I’m writing a binary data format to file containing a graph of serialized objects. To be more resilient to errors (and to be able to debug problems) I am considering length-prefixing each object in the stream. I’m using C# and a BinaryWriter at the moment, but it is quite a general problem.
The size of each object isn’t known until it has been completely serialized, so to be able to
write the length prefixes there are a number of strategies:
-
Use a write buffer with enough space to have random access and insert the length at the correct position after the object is serialized.
-
Write each object to its own MemoryStream, then write the length of the buffer and the buffer contents to the main stream.
-
Write a zero length for all objects in the first pass, remember the positions in the file for all object sizes (a table of object to size), and make a second pass filling in all the sizes.
-
??
The total size (and thus the size of the first/outermost object) is typically around 1mb but can be as large as 50-100mb. My concern is the performance and memory usage of the process.
Which strategy would be most efficient?
The only way to determine this is to measure.

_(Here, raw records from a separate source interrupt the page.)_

text \<open>Write \<open>1/f = \<Sum> b_k t^k\<close>. The matrix defining \<open>P_{f,k}\<close> maps the column
  \<open>(b_k, ..., b_0)\<close> to \<open>(\<Sum>_i a_i b_{k-i} t^i, 0, ..., 0)\<close>, since its lower rows pick out
  the vanishing coefficients of \<open>f \<cdot> 1/f = 1\<close>; as \<open>b_0 = 1\<close> and the complementary minor is
  unitriangular, Cramer's rule gives \<open>P_{f,k}(t) = \<Sum>_i a_i b_{k-i} t^i\<close>. This polynomial has
  leading coefficient \<open>a_k\<close> and roots \<open>q_k\<close>, so by Vieta's formulas
  \<open>a_{k-j} b_j = a_k (-1)^j e_j(q_k)\<close>. Hence the degree-\<open>k\<close> part
  \<open>\<Sum>_j a_{k-j} b_j x^{k-j} y x^j\<close> of \<open>f(x) y f(x)^{-1}\<close> is \<open>a_k (ad x)^{q_k}(y)\<close>.\<close>

lemma esym_0 [simp]: "esym 0 n r = 1"
proof -
  have "{S. S \<subseteq> {1..n} \<and> card S = 0} = {{}}"
    using finite_subset[of _ "{1..n}"] by fastforce
  then show ?thesis by (simp add: esym_def)
qed

lemma coeff_prod_linear_factors:
  fixes r :: "nat \<Rightarrow> 'a::comm_ring_1"
  assumes "j \<le> n"
  shows "coeff (\<Prod>i=1..n. [:- r i, 1:]) (n - j) = (-1) ^ j * esym j n r"
proof -
  let ?A = "{1..n}"
  have "(\<Prod>i\<in>?A. [:- r i, 1:]) = (\<Prod>i\<in>?A. [:- r i:] + [:0, 1:])"
    by simp
  also have "\<dots> = (\<Sum>S\<in>Pow ?A. monom (\<Prod>i\<in>S. - r i) (card (?A - S)))"
    by (subst prod_add) (simp_all add: prod_to_poly monom_altdef)
  finally have "coeff (\<Prod>i\<in>?A. [:- r i, 1:]) (n - j)
      = (\<Sum>S\<in>Pow ?A. if card (?A - S) = n - j then \<Prod>i\<in>S. - r i else 0)"
    by (simp add: coeff_sum)
  also have "\<dots> = (\<Sum>S\<in>Pow ?A. if card S = j then \<Prod>i\<in>S. - r i else 0)"
  proof (intro sum.cong refl)
    fix S assume "S \<in> Pow ?A"
    then have "card (?A - S) = n - card S" and "card S \<le> n"
      using card_mono[of ?A S] by (auto simp: card_Diff_subset finite_subset)
    then show "(if card (?A - S) = n - j then \<Prod>i\<in>S. - r i else 0)
        = (if card S = j then \<Prod>i\<in>S. - r i else 0)"
      using assms by auto
  qed
  also have "\<dots> = (\<Sum>S\<in>{S. S \<subseteq> ?A \<and> card S = j}. \<Prod>i\<in>S. - r i)"
    by (simp add: sum.inter_filter[symmetric] Pow_def)
  also have "\<dots> = (-1) ^ j * esym j n r"
    by (simp add: esym_def prod_uminus sum_distrib_left)
  finally show ?thesis .
qed

lemma coeff_split_poly_eq_esym:
  fixes p :: "'k::field poly" and r :: "nat \<Rightarrow> 'k alg_closure"
  assumes split: "map_poly to_ac p = smult (lead_coeff (map_poly to_ac p)) (\<Prod>i=1..n. [:- r i, 1:])"
    and top: "coeff p n \<noteq> 0" and "j \<le> n"
  shows "coeff p (n - j) = coeff p n * (-1) ^ j * of_ac (esym j n r)"
proof -
  let ?L = "lead_coeff (map_poly to_ac p)"
  have coeff_eq: "to_ac (coeff p (n - i)) = ?L * ((-1) ^ i * esym i n r)" if "i \<le> n" for i
    using arg_cong[OF split, of "\<lambda>p. coeff p (n - i)"]
    unfolding coeff_smult coeff_prod_linear_factors[OF that] by (simp add: coeff_map_poly)
  then have "?L = to_ac (coeff p n)"
    using coeff_eq[of 0] by simp
  with coeff_eq[OF \<open>j \<le> n\<close>] top
  have "esym j n r = to_ac (coeff p (n - j) / (coeff p n * (-1) ^ j))"
    by (simp add: field_simps)
  then have "of_ac (esym j n r) = coeff p (n - j) / (coeff p n * (-1) ^ j)"
    by (simp add: of_ac_eqI)
  with top show ?thesis
    by (simp add: field_simps)
qed

lemma fps_mult_nth_shifted:
  fixes a b :: "nat \<Rightarrow> 'a::comm_ring_1"
  shows "(\<Sum>c<d + m + 1. (if d \<le> c then a (c - d) else 0) * b (d + m - c))
    = (Abs_fps a * Abs_fps b) $ m"
proof -
  have "(\<Sum>c<d + m + 1. (if d \<le> c then a (c - d) else 0) * b (d + m - c))
      = (\<Sum>c=0+d..m+d. a (c - d) * b (d + m - c))"
    by (rule sum.mono_neutral_cong_right) auto
  also have "\<dots> = (\<Sum>i=0..m. a i * b (m - i))"
    by (subst sum.shift_bounds_cl_nat_ivl) simp
  finally show ?thesis
    by (simp add: fps_mult_nth)
qed

lemma Pmat_mult_vec_inverse_coeffs:
  fixes a :: "nat \<Rightarrow> 'k::field" and B :: "'k fps"
  assumes inv: "Abs_fps a * B = 1"
  shows "Pmat a n *\<^sub>v vec (n + 1) (\<lambda>c. [:B $ (n - c):])
    = vec (n + 1) (\<lambda>i. if i = 0 then \<Sum>c=0..n. monom (a c * B $ (n - c)) c else 0)"
proof (rule eq_vecI)
  fix i assume "i < dim_vec (vec (n + 1) (\<lambda>i. if i = 0 then \<Sum>c=0..n. monom (a c * B $ (n - c)) c else 0))"
  then have i: "i < n + 1" by simp
  have "(Pmat a n *\<^sub>v vec (n + 1) (\<lambda>c. [:B $ (n - c):])) $ i
      = (\<Sum>c<n + 1. Pmat a n $$ (i, c) * [:B $ (n - c):])"
    using i by (simp add: Pmat_def scalar_prod_def atLeast0LessThan)
  also have "\<dots> = (if i = 0 then \<Sum>c=0..n. monom (a c * B $ (n - c)) c else 0)"
  proof (cases "i = 0")
    case True
    then show ?thesis
      by (simp add: Pmat_def smult_monom mult.commute lessThan_Suc_atMost atLeast0AtMost)
  next
    case False
    have "Pmat a n $$ (i, c) * [:B $ (n - c):]
        = [:(if i - 1 \<le> c then a (c - (i - 1)) else 0) * B $ ((i - 1) + (n + 1 - i) - c):]"
      if "c < n + 1" for c
      using False i that by (simp add: Pmat_def Suc_diff_le)
    then have "(\<Sum>c<n + 1. Pmat a n $$ (i, c) * [:B $ (n - c):])
        = [:\<Sum>c<(i - 1) + (n + 1 - i) + 1. (if i - 1 \<le> c then a (c - (i - 1)) else 0)
              * B $ ((i - 1) + (n + 1 - i) - c):]"
      using False i by (simp add: sum_to_poly)
    also have "\<dots> = [:(Abs_fps a * B) $ (n + 1 - i):]"
      by (simp only: fps_mult_nth_shifted[where b = "fps_nth B"] fps_nth_inverse)
    also have "\<dots> = 0"
      using False i inv by simp
    finally show ?thesis using False by simp
  qed
  finally show "(Pmat a n *\<^sub>v vec (n + 1) (\<lambda>c. [:B $ (n - c):])) $ i
      = vec (n + 1) (\<lambda>i. if i = 0 then \<Sum>c=0..n. monom (a c * B $ (n - c)) c else 0) $ i"
    using i by simp
qed (simp add: Pmat_def)

lemma det_Pmat_minor:
  assumes "a 0 = 1"
  shows "det (mat_delete (Pmat a n) 0 n) = 1"
proof -
  let ?D = "mat_delete (Pmat a n) 0 n"
  have D: "?D \<in> carrier_mat n n"
    by (simp add: mat_delete_def Pmat_def)
  have D_entry: "?D $$ (i, j) = (if i \<le> j then [:a (j - i):] else 0)" if "i < n" "j < n" for i j
    using that by (auto simp: mat_delete_def Pmat_def Suc_diff_le)
  have "upper_triangular ?D"
    using D D_entry by (auto simp: upper_triangular_def)
  then have "det ?D = prod_list (diag_mat ?D)"
    using det_upper_triangular D by blast
  also have "\<dots> = (\<Prod>i=0..<n. ?D $$ (i, i))"
    by (simp only: prod_list_diag_prod carrier_matD(1)[OF D])
  also have "\<dots> = 1"
    using D_entry assms by (intro prod.neutral) (simp add: one_pCons[symmetric])
  finally show ?thesis .
qed

lemma Pfk_eq_sum_monom:
  fixes a :: "nat \<Rightarrow> 'k::field" and B :: "'k fps"
  assumes a0: "a 0 = 1" and inv: "Abs_fps a * B = 1"
  shows "Pfk a n = (\<Sum>c=0..n. monom (a c * B $ (n - c)) c)"
proof -
  define s where "s = (\<Sum>c=0..n. monom (a c * B $ (n - c)) c)"
  define v where "v = vec (n + 1) (\<lambda>i. if i = 0 then s else 0)"
  let ?M = "Pmat a n"
  let ?R = "replace_col ?M v n"
  have M: "?M \<in> carrier_mat (n + 1) (n + 1)"
    by (simp add: Pmat_def)
  then have R: "?R \<in> carrier_mat (n + 1) (n + 1)"
    by (simp add: replace_col_def)
  define w where "w = vec (n + 1) (\<lambda>c. [:B $ (n - c):])"
  have "?M *\<^sub>v w = v"
    unfolding w_def v_def s_def by (rule Pmat_mult_vec_inverse_coeffs[OF inv])
  moreover have "B $ 0 = 1"
    using arg_cong[OF inv, of "\<lambda>f. fps_nth f 0"] a0 by simp
  ultimately have "det ?M = det ?R"
    using cramer_lemma_mat[OF M, of w n] by (simp add: w_def)
  also have "\<dots> = (\<Sum>i<n + 1. ?R $$ (i, n) * cofactor ?R i n)"
    by (rule laplace_expansion_column[OF R]) simp
  also have "\<dots> = (\<Sum>i<n + 1. if i = 0 then s * cofactor ?R 0 n else 0)"
    using M by (intro sum.cong refl) (simp add: replace_col_def v_def)
  also have "mat_delete ?R 0 n = mat_delete ?M 0 n"
    using M by (intro eq_matI) (auto simp: mat_delete_def replace_col_def)
  then have "cofactor ?R 0 n = (-1) ^ n"
    by (simp add: cofactor_def det_Pmat_minor[of a n, OF a0])
  finally have "det ?M = (-1) ^ n * s"
    by simp
  then show ?thesis
    unfolding Pfk_def s_def by (cases "even n") simp_all
qed

lemma inverse_coeff_eq_esym:
  fixes a :: "nat \<Rightarrow> 'k::field" and r :: "nat \<Rightarrow> 'k alg_closure"
  assumes a0: "a 0 = 1" and top: "a n \<noteq> 0"
    and split: "map_poly to_ac (Pfk a n)
      = smult (lead_coeff (map_poly to_ac (Pfk a n))) (\<Prod>i=1..n. [:- r i, 1:])"
    and "j \<le> n"
  shows "a (n - j) * inverse (Abs_fps a) $ j = a n * (-1) ^ j * of_ac (esym j n r)"
proof -
  have inv: "Abs_fps a * inverse (Abs_fps a) = 1"
    using a0 by (simp add: inverse_mult_eq_1')
  have coeff_Pfk: "coeff (Pfk a n) c = a c * inverse (Abs_fps a) $ (n - c)" if "c \<le> n" for c
    using that by (simp add: Pfk_eq_sum_monom[OF a0 inv] coeff_sum)
  show ?thesis
    using coeff_split_poly_eq_esym[OF split _ \<open>j \<le> n\<close>] top a0 \<open>j \<le> n\<close>
    by (simp add: coeff_Pfk)
qed

locale central_ring_hom = ring_hom hom for hom :: "'a::ring_1 \<Rightarrow> 'b::ring_1" +
  assumes hom_central: "hom c * z = z * hom c"
begin

definition fps_specialize :: "'b \<Rightarrow> 'a fps \<Rightarrow> 'b fps" where
  "fps_specialize x f = Abs_fps (\<lambda>n. hom (f $ n) * x ^ n)"

lemma fps_specialize_nth [simp]: "fps_specialize x f $ n = hom (f $ n) * x ^ n"
  by (simp add: fps_specialize_def)

lemma fps_specialize_one [simp]: "fps_specialize x 1 = 1"
  by (rule fps_ext) simp

lemma hom_mult_power_commute:
  "hom c * x ^ i * (hom d * x ^ j) = hom (c * d) * x ^ (i + j)"
proof -
  have "hom c * x ^ i * (hom d * x ^ j) = hom c * (x ^ i * hom d) * x ^ j"
    by (simp add: mult.assoc)
  also have "\<dots> = hom (c * d) * x ^ (i + j)"
    by (simp add: hom_central[of d] hom_mult power_add mult.assoc)
  finally show ?thesis .
qed

lemma fps_specialize_mult:
  "fps_specialize x (f * g) = fps_specialize x f * fps_specialize x g"
proof (rule fps_ext)
  fix n
  have "fps_specialize x (f * g) $ n = (\<Sum>i=0..n. hom (f $ i * g $ (n - i)) * x ^ n)"
    by (simp add: fps_mult_nth hom_sum sum_distrib_right)
  also have "\<dots> = (\<Sum>i=0..n. hom (f $ i) * x ^ i * (hom (g $ (n - i)) * x ^ (n - i)))"
    by (intro sum.cong refl) (simp add: hom_mult_power_commute)
  finally show "fps_specialize x (f * g) $ n = (fps_specialize x f * fps_specialize x g) $ n"
    by (simp add: fps_mult_nth)
qed

lemma fps_specialize_conj_nth:
  "(fps_specialize x f * fps_const y * fps_specialize x g) $ n
     = (\<Sum>j=0..n. hom (f $ (n - j) * g $ j) * x ^ (n - j) * y * x ^ j)"
proof -
  have "(fps_specialize x f * fps_const y * fps_specialize x g) $ n
      = (\<Sum>i=0..n. hom (f $ i) * x ^ i * y * (hom (g $ (n - i)) * x ^ (n - i)))"
    by (simp add: fps_mult_nth[of "fps_specialize x f * fps_const y"])
  also have "\<dots> = (\<Sum>j=0..n. hom (f $ (n - j)) * x ^ (n - j) * y * (hom (g $ j) * x ^ j))"
    by (subst sum.atLeastAtMost_rev) (intro sum.cong refl, simp)
  also have "\<dots> = (\<Sum>j=0..n. hom (f $ (n - j) * g $ j) * x ^ (n - j) * y * x ^ j)"
    by (intro sum.cong refl) (simp add: hom_central[of "g $ _"] hom_mult mult.assoc)
  finally show ?thesis .
qed

end

lemma mult_adq_eq_sum:
  fixes phi :: "'k::field \<Rightarrow> 'a::ring_1"
  assumes "central_ring_hom phi"
  shows "phi c * adq phi n r x y
    = (\<Sum>j=0..n. phi (c * (-1) ^ j * of_ac (esym j n r)) * x ^ (n - j) * y * x ^ j)"
proof -
  interpret central_ring_hom phi by fact
  show ?thesis
    by (simp add: adq_def sum_distrib_left hom_distribs mult.assoc)
qed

My first instinct would be to use #2, but knowing that is likely to add pressure to the GC (or fragmentation to the large object heap if the worker streams exceed 80Kb). However #3 sounds interesting, assuming the complexity of tracking those positions doesn’t hit maintainability.
In the end you need to measure with your data, and consider that unless you have unusual circumstances the performance will be dominated by network or storage performance, not by processing in memory.